Aiming at the phenomena of missing detection, error detection and the like of the U-Net model in the change detection of the high-resolution image, the invention improves the U-Net model. And replacing the encoding end of the U-Net model and the first convolution layer of different stages with an increment structure. The inclusion structure is originally proposed in *** lenet, and compared with the traditional convolutional layer, the inclusion structure has a better topological structure, the structure of the inclusion structure comprises a plurality of parallel convolutional structures, and each convolutional structure comprises convolutional cores with different sizes, so that the depth and the width of a U-Net model are increased. As shown in fig. 3, the inclusion structure has convolution kernels of sizes 1 × 1, 3 × 3, and 5 × 5 and pooling layers of sizes 3 × 3, respectively. And a convolution kernel with the size of 1 multiplied by 1 is added in each channel to reduce the dimensionality and reduce the calculation amount. And finally, the extracted feature layers are combined, so that different local features can be obtained under the condition that model calculation parameters are not added, the diversity features are increased, and the generalization capability of the model is enhanced.
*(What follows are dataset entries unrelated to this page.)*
lemma pd_cov:
  assumes x: "x \<in> U" and X: "\<And>k. smooth_on_set U (\<lambda>y. X y k)"
  shows "pd i (\<lambda>y. cov g X y j k) x = pd i (pd j (\<lambda>y. X y k)) x
     - (\<Sum>a\<in>UNIV. pd i (\<lambda>y. christoffel g y a j k) x * X x a + christoffel g x a j k * pd i (\<lambda>y. X y a) x)"
proof -
  have dX: "\<And>a. (\<lambda>y. X y a) differentiable (at x)"
    using smooth_on_set_differentiable[OF X x] .
  have "(\<lambda>y. \<Sum>a\<in>UNIV. christoffel g y a j k * X y a) differentiable (at x)"
    by (intro differentiable_sum ballI finite differentiable_mult christoffel_differentiable[OF x] dX)
  then have "pd i (\<lambda>y. cov g X y j k) x =
      pd i (pd j (\<lambda>y. X y k)) x - pd i (\<lambda>y. \<Sum>a\<in>UNIV. christoffel g y a j k * X y a) x"
    unfolding cov_def by (intro pd_diff smooth_on_set_pd_differentiable[OF X x])
  also have "pd i (\<lambda>y. \<Sum>a\<in>UNIV. christoffel g y a j k * X y a) x =
     (\<Sum>a\<in>UNIV. pd i (\<lambda>y. christoffel g y a j k) x * X x a + christoffel g x a j k * pd i (\<lambda>y. X y a) x)"
    by (subst pd_sum) (auto intro!: sum.cong pd_mult differentiable_mult christoffel_differentiable[OF x] dX)
  finally show ?thesis .
qed
lemma euler_transform_even_degree_ebrack:
  fixes g :: "int \<Rightarrow> 'a::field_char_0"
  shows "(\<Sum>j\<le>2 * M. coeff (euler_poly (2 * M)) j * g (int j - 2 * k + 1)) =
    g (2 * (int M - k) + 1) - (\<Sum>J\<le>M. ebrack (int M) (int J) * g (2 * (int J - k)))"
proof -
  have "(\<Sum>J\<le>M. ebrack (int M) (int J) * g (2 * (int J - k))) =
        (\<Sum>i<M. ebrack (int M) (int (Suc i)) * g (2 * (int (Suc i) - k)))"
    by (subst sum.atMost_shift) simp
  also have "\<dots> = (\<Sum>i<M. - (coeff (euler_poly (2 * M)) (2 * i + 1) * g (int (2 * i + 1) - 2 * k + 1)))"
  proof (rule sum.cong [OF refl])
    fix i
    have "2 * (int (Suc i) - k) = int (2 * i + 1) - 2 * k + 1" by simp
    then show "ebrack (int M) (int (Suc i)) * g (2 * (int (Suc i) - k)) =
        - (coeff (euler_poly (2 * M)) (2 * i + 1) * g (int (2 * i + 1) - 2 * k + 1))"
      by (simp only: ebrack_Suc) simp
  qed
  finally show ?thesis
    unfolding euler_transform_even_degree by (simp add: sum_negf)
qed

lemma euler_transform_odd_degree_ebrace:
  fixes g :: "int \<Rightarrow> 'a::field_char_0"
  shows "(\<Sum>j\<le>2 * M + 1. coeff (euler_poly (2 * M + 1)) j * g (int j - (2 * k + 1) + 1)) =
    g (2 * (int M - k) + 1) - (\<Sum>J\<le>M. ebrace (int M) (int J) * g (2 * (int J - k)))"
proof -
  have "(\<Sum>J\<le>M. ebrace (int M) (int J) * g (2 * (int J - k))) =
        (\<Sum>i\<le>M. - (coeff (euler_poly (2 * M + 1)) (2 * i) * g (int (2 * i) - (2 * k + 1) + 1)))"
  proof (rule sum.cong [OF refl])
    fix i
    have "2 * (int i - k) = int (2 * i) - (2 * k + 1) + 1" by simp
    then show "ebrace (int M) (int i) * g (2 * (int i - k)) =
        - (coeff (euler_poly (2 * M + 1)) (2 * i) * g (int (2 * i) - (2 * k + 1) + 1))"
      by (simp only: ebrace_eq) simp
  qed
  then show ?thesis
    unfolding euler_transform_odd_degree by (simp add: sum_negf)
qed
And introducing an ASPP module at the bottom of the U-Net model to acquire multi-scale context information of the feature map. The hole Convolution (Atrous Convolution) was first proposed in the Deeplab v1 model. The traditional convolution operation extracts the characteristics of image pixel points which are arranged closely, the hole convolution is added into a hole in a standard convolution module in a mode of adding 0 value, and the hole convolution with the hole rate r is assumed to expand a convolution kernel with the size of m multiplied by m into Nm×NmThe receptive field is RF. Then N ismAnd the calculation formula of RF is as follows:
Nm=m+(m-1)*(r-1)
RFk=RFk-1+(mk-1)*Sk
in the formula ofkDenotes the receptive field size, S, of the k-th layerkStep size, RF, for the k-th layer convolutionk-1Is the receptive field size of the k-1 th layer, mkRepresenting the size of the k-th layer convolution kernel. The method can enlarge the context receptive field without increasing the calculation amount, so that the feature map output by the convolution layer contains a wider range of feature information. In the later Deeplab v2 model, an empty space Pyramid Pooling (ASPP) module was proposed, the structure of which is shown in fig. 4. Aiming at the multi-scale features of the ground features in the image, the ASPP module adopts a cavity convolution module with the cavity rates of 6, 12, 18 and 24 to obtain the receptive field information under different scales, and the context information of different scales can be obtained in the feature extraction of the image.
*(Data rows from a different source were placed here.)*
(* Let $S$ be an intra-regular $\Gamma$-AG$^{**}$-groupoid and $A$ a nonempty subset of $S$. The following are equivalent: (i) $A$ is a left $\Gamma$-ideal of $S$; (ii) $A$ is a right $\Gamma$-ideal; (iii) $A$ is a two-sided $\Gamma$-ideal; (iv) $A\Gamma S=A$ and $S\Gamma A=A$; (v) $A$ is a $\Gamma$-quasi ideal; (vi) $A$ is a $\Gamma$-$(1,2)$-ideal; (vii) $A$ is a $\Gamma$-generalized bi-ideal; (viii) $A$ is a $\Gamma$-bi-ideal; (ix) $A$ is a $\Gamma$-interior ideal.
   Context: Let $S$ and $\Gamma$ be nonempty sets with a map $S\times\Gamma\times S\to S$, $(x,\gamma,y)\mapsto x\gamma y$. $S$ is a $\Gamma$-AG-groupoid if $(x\gamma y)\delta z=(z\gamma y)\delta x$ for all $x,y,z\in S$, $\gamma,\delta\in\Gamma$; it is a $\Gamma$-AG$^{**}$-groupoid if moreover $a\alpha(b\beta c)=b\alpha(a\beta c)$ for all $a,b,c\in S$, $\alpha,\beta\in\Gamma$. For subsets $A,B\subseteq S$, $A\Gamma B=\{a\gamma b: a\in A,\gamma\in\Gamma,b\in B\}$. $S$ is intra-regular if for every $a\in S$ there exist $x,y\in S$ and $\beta,\gamma,\delta\in\Gamma$ with $a=(x\beta(a\delta a))\gamma y$. For a nonempty $A\subseteq S$: left (right) $\Gamma$-ideal means $S\Gamma A\subseteq A$ ($A\Gamma S\subseteq A$); two-sided $\Gamma$-ideal means both; $\Gamma$-generalized bi-ideal means $(A\Gamma S)\Gamma A\subseteq A$. The following all require $A\Gamma A\subseteq A$ in addition: $\Gamma$-bi-ideal: $(A\Gamma S)\Gamma A\subseteq A$; $\Gamma$-interior ideal: $(S\Gamma A)\Gamma S\subseteq A$; $\Gamma$-quasi ideal: $S\Gamma A\cap A\Gamma S\subseteq A$; $\Gamma$-$(1,2)$-ideal: $(A\Gamma S)\Gamma(A\Gamma A)\subseteq A$. *)

theory Defs
  imports Main
begin

definition gamma_closed :: "'a set \<Rightarrow> 'g set \<Rightarrow> ('a \<Rightarrow> 'g \<Rightarrow> 'a \<Rightarrow> 'a) \<Rightarrow> bool" where
  "gamma_closed S G m \<longleftrightarrow> (\<forall>x\<in>S. \<forall>g\<in>G. \<forall>y\<in>S. m x g y \<in> S)"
In the original jump connection, an attention mechanism is added, the weight of the information of the changed area is increased, and the weight of the characteristic information of the unchanged area is reduced at the same time, so that the result of the change detection is more accurate. In summary, a remote sensing image change detection model is constructed, training samples are input into the improved U-Net model for training, and after a plurality of iterations, when the loss value of a training set is not reduced any more, model training is completed.
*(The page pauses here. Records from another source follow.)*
lemma hs_adjoint_eqI:
  fixes F :: "complex^'m::finite^'m \<Rightarrow> complex^'n::finite^'n"
  assumes "\<And>X Y. trace (E X ** Y) = trace (X ** F Y)"
  shows "hs_adjoint E = F"
  unfolding hs_adjoint_def
proof (rule the_equality)
  fix G :: "complex^'m^'m \<Rightarrow> complex^'n^'n"
  assume G: "\<forall>X Y. trace (E X ** Y) = trace (X ** G Y)"
  have "trace (X ** G Y) = trace (X ** F Y)" for X Y
    using G assms by metis
  from this[of "\<chi> i j. if i = q \<and> j = p then 1 else 0" for p q]
  show "G = F"
    by (simp add: trace_matrix_unit_mult vec_eq_iff fun_eq_iff)
qed (use assms in blast)

lemma hs_adjoint_channel:
  "hs_adjoint (channel U \<beta>) = (\<lambda>Y. ptrB (tensor (mat 1) \<beta> ** dagger U ** tensor Y (mat 1) ** U))"
proof (rule hs_adjoint_eqI)
  fix X Y
  have "trace (channel U \<beta> X ** Y) = trace (tensor Y (mat 1) ** (U ** tensor X \<beta> ** dagger U))"
    unfolding channel_def by (simp add: trace_mul_sym[of _ Y] trace_mult_ptrB)
  also have "\<dots> = trace ((tensor Y (mat 1) ** U) ** (tensor X \<beta> ** dagger U))"
    by (simp add: matrix_mul_assoc)
  also have "\<dots> = trace ((tensor X \<beta> ** dagger U) ** (tensor Y (mat 1) ** U))"
    by (rule trace_mul_sym)
  also have "\<dots> = trace (tensor X (mat 1) ** (tensor (mat 1) \<beta> ** dagger U ** tensor Y (mat 1) ** U))"
    by (simp add: matrix_mul_assoc tensor_mult)
  also have "\<dots> = trace (X ** ptrB (tensor (mat 1) \<beta> ** dagger U ** tensor Y (mat 1) ** U))"
    by (simp add: trace_mult_ptrB)
  finally show "trace (channel U \<beta> X ** Y) =
      trace (X ** ptrB (tensor (mat 1) \<beta> ** dagger U ** tensor Y (mat 1) ** U))" .
qed

lemma unitary_conj_tensor_psd_sqrt:
  assumes U: "unitary_mat U"
    and psd: "psd_mat \<alpha>" "psd_mat \<beta>" "psd_mat \<alpha>'" "psd_mat \<beta>'"
    and conj: "U ** tensor \<alpha> \<beta> ** dagger U = tensor \<alpha>' \<beta>'"
  shows "U ** tensor (psd_sqrt \<alpha>) (psd_sqrt \<beta>) ** dagger U = tensor (psd_sqrt \<alpha>') (psd_sqrt \<beta>')"
proof -
  have "U ** psd_sqrt (tensor \<alpha> \<beta>) ** dagger U = psd_sqrt (tensor \<alpha>' \<beta>')"
    using psd_sqrt_unitary_conj[OF U psd_mat_tensor[OF psd(1,2)]] by (simp add: conj)
  then show ?thesis
    by (simp add: psd_sqrt_tensor psd)
qed

lemma unitary_conj_sandwich:
  assumes "unitary_mat U" and "U ** T ** dagger U = T'"
  shows "T ** dagger U ** M ** U ** T = dagger U ** T' ** M ** T' ** U"
proof -
  have "T ** dagger U = dagger U ** T'"
    by (simp flip: assms(2) add: matrix_mul_assoc unitary_matD[OF assms(1)])
  moreover have "U ** T = T' ** U"
    by (simp flip: assms(2) matrix_mul_assoc add: unitary_matD[OF assms(1)])
  ultimately show ?thesis
    by (metis matrix_mul_assoc)
qed

lemma channel_eq_of_conj_tensor:
  assumes "U ** tensor \<alpha> \<beta> ** dagger U = tensor \<alpha>' \<beta>'" and "trace \<beta>' = 1"
  shows "channel U \<beta> \<alpha> = \<alpha>'"
  using assms by (simp add: channel_def ptrB_tensor)

theorem theorem3:
  fixes U :: "complex^('a::finite \<times> 'b::finite)^('a \<times> 'b)"
    and \<alpha> \<alpha>' :: "complex^'a^'a"
    and \<beta> \<beta>' :: "complex^'b^'b"
  assumes "unitary_mat U"
    and "density_op \<alpha>" and "density_op \<alpha>'"
    and "density_op \<beta>" and "density_op \<beta>'"
    and "\<not> maximally_mixed \<alpha> \<or> \<not> maximally_mixed \<beta>"
    and "U ** tensor \<alpha> \<beta> ** dagger U = tensor \<alpha>' \<beta>'"
    and "invertible \<alpha>'"
  shows "tabletop_reversible U \<beta> \<alpha> \<and>
         (\<forall>X. petz (channel U \<beta>) \<alpha> X = ptrB (dagger U ** tensor X \<beta>' ** U))"
proof -
  have psd: "psd_mat \<alpha>" "psd_mat \<beta>" "psd_mat \<alpha>'" "psd_mat \<beta>'"
    using assms(2-5) by (simp_all add: density_op_def)
  define Sa Sb Sa' Sb' where "Sa = psd_sqrt \<alpha>" and "Sb = psd_sqrt \<beta>"
    and "Sa' = psd_sqrt \<alpha>'" and "Sb' = psd_sqrt \<beta>'"
  define R where "R = matrix_inv Sa'"
  have R: "Sa' ** R = mat 1" "R ** Sa' = mat 1"
    using matrix_inv_inverse[OF invertible_psd_sqrt[OF psd(3) assms(8)]]
    by (simp_all add: R_def Sa'_def)
  have sandwich: "tensor Sa Sb ** dagger U ** M ** U ** tensor Sa Sb =
      dagger U ** tensor Sa' Sb' ** M ** tensor Sa' Sb' ** U" for M
    unfolding Sa_def Sb_def Sa'_def Sb'_def
    by (rule unitary_conj_sandwich[OF assms(1) unitary_conj_tensor_psd_sqrt[OF assms(1) psd assms(7)]])
  have channel_prior: "channel U \<beta> \<alpha> = \<alpha>'"
    using assms(5,7) by (simp add: channel_eq_of_conj_tensor density_op_def)
  have "petz (channel U \<beta>) \<alpha> X = ptrB (dagger U ** tensor X \<beta>' ** U)" for X
  proof -
    have "petz (channel U \<beta>) \<alpha> X =
        Sa ** ptrB (tensor (mat 1) (Sb ** Sb) ** (dagger U ** tensor (R ** X ** R) (mat 1) ** U)) ** Sa"
      by (simp add: petz_def Let_def channel_prior hs_adjoint_channel psd_sqrt_square psd Sa_def Sb_def
          Sa'_def R_def matrix_mul_assoc)
    also have "\<dots> =
        ptrB (tensor Sa Sb ** (dagger U ** tensor (R ** X ** R) (mat 1) ** U) ** tensor Sa Sb)"
      by (rule ptrB_sandwich)
    also have "\<dots> =
        ptrB (dagger U ** (tensor Sa' Sb' ** tensor (R ** X ** R) (mat 1) ** tensor Sa' Sb') ** U)"
      by (simp add: sandwich matrix_mul_assoc)
    also have "\<dots> = ptrB (dagger U ** tensor ((Sa' ** R) ** X ** (R ** Sa')) (Sb' ** Sb') ** U)"
      by (simp add: tensor_mult matrix_mul_assoc)
    also have "\<dots> = ptrB (dagger U ** tensor X \<beta>' ** U)"
      by (simp add: R Sb'_def psd_sqrt_square psd)
    finally show ?thesis .
  qed
  then show ?thesis
    using assms(5) by (auto simp: tabletop_reversible_def)
qed

end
The improved U-Net model is similar to the original U-Net model in structure and is composed of an encoder, a decoder and a jump connection part. In the encoder part, the improved U-Net model is composed of 4 convolution layers and down-sampling layers, wherein the convolution layer part of the encoder adopts the aforementioned Incep structure, so that different local features can be obtained under the condition that model calculation parameters are not added, the diversity features are increased, and the generalization capability extraction of the model is enhanced. An ASPP module is introduced to the bottommost part of an encoder part, the receptive field is expanded by adopting four cavity convolutions with different cavity rates, and multi-scale information of an image target is extracted. The decoder part is composed of 4 sets of convolutional layers and upsampling layers, and the convolutional layer part is the same as the encoder. A jump connection incorporating an attention module is used between each layer of encoder and decoder for a total of 4 layers. The skip connection can splice the shallow features and the deep features in the wave band dimension, and the added attention module can increase the feature weight of the change information, so that the anti-noise capability of the model is improved.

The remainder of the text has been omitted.